lemma grid_path_last: "grid_path q M (q * (q * M) - 1) = (M, 0)"
proof -
  have "q \<le> q * M"
    using M_pos by simp
  moreover have "2 * (q * M) \<le> q * (q * M)"
    using q_ge_2 by (rule mult_le_mono1)
  ultimately have "\<not> q * (q * M) - 1 < M * q"
    using q_ge_2 unfolding mult.commute[of M q] by linarith
  moreover have "q * (q * M) - 1 - M * q = q * (q * M - M) - 1"
    by (simp add: diff_mult_distrib2 algebra_simps)
  moreover have "snake (q * M - M) (q * (q * M - M) - 1) = (q - 1, 0)"
    using snake_last[of "q * M - M" q] q_ge_2 even_q M_less by simp
  ultimately show ?thesis
    using q_ge_2 by (simp add: grid_path_def)
qed

lemma grid_path_adj:
  assumes "Suc p < q * (q * M)"
  shows "grid_adj (grid_path q M p) (grid_path q M (Suc p))"
proof -
  consider "Suc p < M * q" | "Suc p = M * q" | "M * q \<le> p"
    by linarith
  then show ?thesis
  proof cases
    case 1
    then show ?thesis
      using snake_grid_adj[of q p] q_ge_2 by (simp add: grid_path_def)
  next
    case 2
    then have "p = M * q - 1"
      by simp
    then have "snake q p = (M - 1, q - 1)"
      using snake_last[of q M] q_ge_2 odd_M M_pos by simp
    with 2 M_pos show ?thesis
      by (auto simp: grid_path_def grid_adj_def)
  next
    case 3
    define x y where "x = snake (q * M - M) (p - M * q)" and "y = snake (q * M - M) (Suc (p - M * q))"
    have "0 < q * M - M"
      using M_less by simp
    then have "grid_adj x y"
      by (simp add: x_def y_def snake_grid_adj)
    moreover have "fst x < q"
      using snake_bounds(1)[OF row_phase_bound[of p]] assms 3 by (simp add: x_def)
    moreover have "fst y < q"
      using snake_bounds(1)[OF row_phase_bound[OF assms]] 3 by (simp add: y_def Suc_diff_le)
    ultimately have "grid_adj (M + snd x, q - 1 - fst x) (M + snd y, q - 1 - fst y)"
      by (auto simp: grid_adj_def)
    with 3 show ?thesis
      by (simp add: grid_path_def x_def y_def Suc_diff_le)
  qed
qed

end

section \<open>From length \<open>n\<close> to length \<open>n + 2\<close>\<close>

definition word_extend :: "nat \<Rightarrow> (nat \<Rightarrow> nat) \<Rightarrow> nat \<Rightarrow> nat \<Rightarrow> nat \<Rightarrow> nat" where
  "word_extend n v a b =
     (\<lambda>k. if k < n then v k else if k = n then a else if k = Suc n then b else 0)"

lemma word_extend_in_words:
  "v \<in> words q n \<Longrightarrow> a < q \<Longrightarrow> b < q \<Longrightarrow> word_extend n v a b \<in> words q (Suc (Suc n))"
  by (auto simp: words_def word_extend_def)

lemma word_extend_eq_iff:
  assumes "u \<in> words q n" "v \<in> words q n"
  shows "word_extend n u a b = word_extend n v c d \<longleftrightarrow> u = v \<and> a = c \<and> b = d"
proof
  assume eq: "word_extend n u a b = word_extend n v c d"
  have "u k = v k" for k
    using fun_cong[OF eq, of k] assms by (cases "k < n") (auto simp: word_extend_def words_def)
  moreover have "a = c" "b = d"
    using fun_cong[OF eq, of n] fun_cong[OF eq, of "Suc n"] by (simp_all add: word_extend_def)
  ultimately show "u = v \<and> a = c \<and> b = d"
    by auto
qed simp

lemma word_extend_in_diag:
  assumes "v \<in> words q n" "word_extend n v a b \<in> diag q (Suc (Suc n))"
  shows "v \<in> diag q n"
proof -
  obtain c where "c < q" and eq: "word_extend n v a b = const_word (Suc (Suc n)) c"
    using assms(2) by (auto simp: diag_def)
  have "v = const_word n c"
  proof
    fix k
    show "v k = const_word n c k"
      using fun_cong[OF eq, of k] assms(1)
      by (cases "k < n") (auto simp: word_extend_def const_word_def words_def)
  qed
  with \<open>c < q\<close> show ?thesis
    by (simp add: diag_def)
qed

lemma lee_dist_word_extend:
  "lee_dist q (Suc (Suc n)) (word_extend n u a b) (word_extend n v c d) =
   lee_dist q n u v + lee_coord q a c + lee_coord q b d"
  by (simp add: lee_dist_eq_sum word_extend_def)

lemma word_add_const_word_extend:
  "word_add q (Suc (Suc n)) (word_extend n v a b) (const_word (Suc (Suc n)) r) =
   word_extend n (word_add q n v (const_word n r)) ((a + r) mod q) ((b + r) mod q)"
  by (simp add: word_add_def word_extend_def const_word_def fun_eq_iff)

locale gray_extension =
  fixes q n :: nat and G :: "nat \<Rightarrow> nat \<Rightarrow> nat"
  assumes q_ge_2: "2 \<le> q" and even_q: "even q" and odd_n: "odd n"
    and gray_G: "quasi_complementary_gray q n (\<lambda>_. 0) G"
    and lee_dist_G_0: "lee_dist q n (G 0) (\<lambda>_. 0) = 1"
begin

abbreviation N :: nat where "N \<equiv> q ^ n - q"
abbreviation M :: nat where "M \<equiv> q ^ (n - 1) - 1"
abbreviation Z :: nat where "Z \<equiv> q ^ 2 - 1"

lemma n_pos: "0 < n"
  using odd_n by (cases n) auto

lemma q_pos: "0 < q"
  using q_ge_2 by simp

lemma Z_ge_3: "3 \<le> Z"
  using mult_le_mono[OF q_ge_2 q_ge_2] by (simp add: power2_eq_square)

lemma N_eq: "N = q * M"
  using n_pos by (rule power_minus_eq_mult)

lemma G_bij: "bij_betw G {0..<N} (words q n - diag q n)"
  using gray_G by (simp add: quasi_complementary_gray_def diag_coset_zero)

lemma G_mem: "L < N \<Longrightarrow> G L \<in> words q n - diag q n"
  using G_bij by (auto dest: bij_betw_apply)

lemma G_step: "Suc L < N \<Longrightarrow> lee_dist q n (G L) (G (Suc L)) = 1"
  using gray_G by (simp add: quasi_complementary_gray_def)

lemma G_shift:
  "j < N \<Longrightarrow> G ((j + q ^ (n - 1) - 1) mod N) = word_add q n (G j) (const_word n 1)"
  using gray_G by (simp add: quasi_complementary_gray_def)

lemma G_M: "0 < N \<Longrightarrow> G M = word_add q n (G 0) (const_word n 1)"
proof -
  assume "0 < N"
  then have "0 < M"
    by (simp add: N_eq)
  then have "(0 + q ^ (n - 1) - 1) mod N = M"
    using q_ge_2 by (simp add: N_eq)
  with G_shift[OF \<open>0 < N\<close>] show ?thesis
    by simp
qed

lemma n_eq_1_or_N_pos: "n = 1 \<or> 0 < N"
proof (cases "n = 1")
  case False
  with odd_n have "2 \<le> n"
    by (cases n) auto
  then have "q ^ 2 \<le> q ^ n"
    using q_ge_2 by (simp add: power_increasing)
  moreover have "q < q ^ 2"
    using q_ge_2 by (simp add: power2_eq_square)
  ultimately show ?thesis
    by simp
qed simp

lemma odd_M: "0 < N \<Longrightarrow> odd M"
proof -
  assume "0 < N"
  then have "n \<noteq> 1"
    by auto
  with odd_n have "even (q ^ (n - 1))"
    using even_q by (cases n) auto
  moreover have "0 < q ^ (n - 1)"
    using q_ge_2 by simp
  ultimately show ?thesis
    by simp
qed

lemma lee_dist_G_grid_adj:
  assumes "fst x < N" "fst y < N" "grid_adj x y"
  shows "lee_dist q n (G (fst x)) (G (fst y)) + lee_coord q (snd x) (snd y) = 1"
  using assms G_step[of "fst x"] G_step[of "fst y"] q_ge_2
  by (auto simp: grid_adj_def lee_dist_commute)

text \<open>The \<open>q \<times> q\<close> grid without \<open>(0, 0) = snake q 0\<close>, walked backwards from \<open>(q - 1, 0)\<close>
  to \<open>(0, 1)\<close>.\<close>

definition corner :: "nat \<Rightarrow> nat \<times> nat" where
  "corner i = snake q (Z - i)"

lemma corner_bounds: "fst (corner i) < q" "snd (corner i) < q"
  using snake_bounds[of "Z - i" q q] q_ge_2 by (simp_all add: corner_def power2_eq_square)

lemma inj_on_corner: "inj_on corner {..<Z}"
proof (rule inj_onI)
  fix i i'
  assume "i \<in> {..<Z}" "i' \<in> {..<Z}" "corner i = corner i'"
  moreover from \<open>corner i = corner i'\<close> have "Z - i = Z - i'"
    unfolding corner_def by (rule injD[OF inj_snake[OF q_pos]])
  ultimately show "i = i'"
    by simp
qed

lemma corner_ne_0:
  assumes "i < Z"
  shows "corner i \<noteq> (0, 0)"
proof
  assume "corner i = (0, 0)"
  then have "snake q (Z - i) = snake q 0"
    by (simp add: corner_def)
  then have "Z - i = 0"
    by (rule injD[OF inj_snake[OF q_pos]])
  with assms show False
    by simp
qed

lemma corner_adj: "Suc i < Z \<Longrightarrow> grid_adj (corner i) (corner (Suc i))"
proof -
  assume "Suc i < Z"
  then have "Z - i = Suc (Z - Suc i)"
    by simp
  then show ?thesis
    using snake_grid_adj[of q "Z - Suc i"] q_ge_2 by (simp add: corner_def grid_adj_commute)
qed

lemma corner_first: "corner 0 = (q - 1, 0)"
  using snake_last[of q q] q_ge_2 even_q by (simp add: corner_def power2_eq_square)

lemma corner_last: "corner (Z - 1) = (0, 1)"
proof -
  have "Z - (Z - 1) = 1"
    using Z_ge_3 by simp
  then show ?thesis
    using snake_1[OF q_ge_2] by (simp add: corner_def)
qed

lemma odd_M_if_less:
  assumes "p < q * N"
  shows "odd M"
proof (rule odd_M)
  show "0 < N"
    using assms by (cases "N = 0") auto
qed

lemma grid_path_in_range:
  assumes "p < q * N"
  shows "fst (grid_path q M p) < N" "snd (grid_path q M p) < q"
  using grid_path_bounds[OF q_ge_2 even_q odd_M_if_less[OF assms]] assms by (simp_all add: N_eq)

definition transversal :: "nat \<Rightarrow> nat \<Rightarrow> nat" where
  "transversal i =
     (if i < Z then word_extend n (\<lambda>_. 0) (fst (corner i)) (snd (corner i))
      else word_extend n (G (fst (grid_path q M (i - Z)))) (snd (grid_path q M (i - Z))) 1)"

lemma transversal_corner:
  "i < Z \<Longrightarrow> transversal i = word_extend n (\<lambda>_. 0) (fst (corner i)) (snd (corner i))"
  by (simp add: transversal_def)

lemma transversal_grid:
  "\<not> i < Z \<Longrightarrow>
   transversal i = word_extend n (G (fst (grid_path q M (i - Z)))) (snd (grid_path q M (i - Z))) 1"
  by (simp add: transversal_def)

lemma zero_in_words: "(\<lambda>_. 0) \<in> words q n"
  using q_pos by (simp add: words_def)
++++
Activity: At the first line of the material above, start reproducing each line exactly, and end with the line that holds "using q_ge_2 unfolding", adding nothing.

Answer to this problem:
lemma grid_path_last: "grid_path q M (q * (q * M) - 1) = (M, 0)"
proof -
  have "q \<le> q * M"
    using M_pos by simp
  moreover have "2 * (q * M) \<le> q * (q * M)"
    using q_ge_2 by (rule mult_le_mono1)
  ultimately have "\<not> q * (q * M) - 1 < M * q"
    using q_ge_2 unfolding mult.commute[of M q] by linarith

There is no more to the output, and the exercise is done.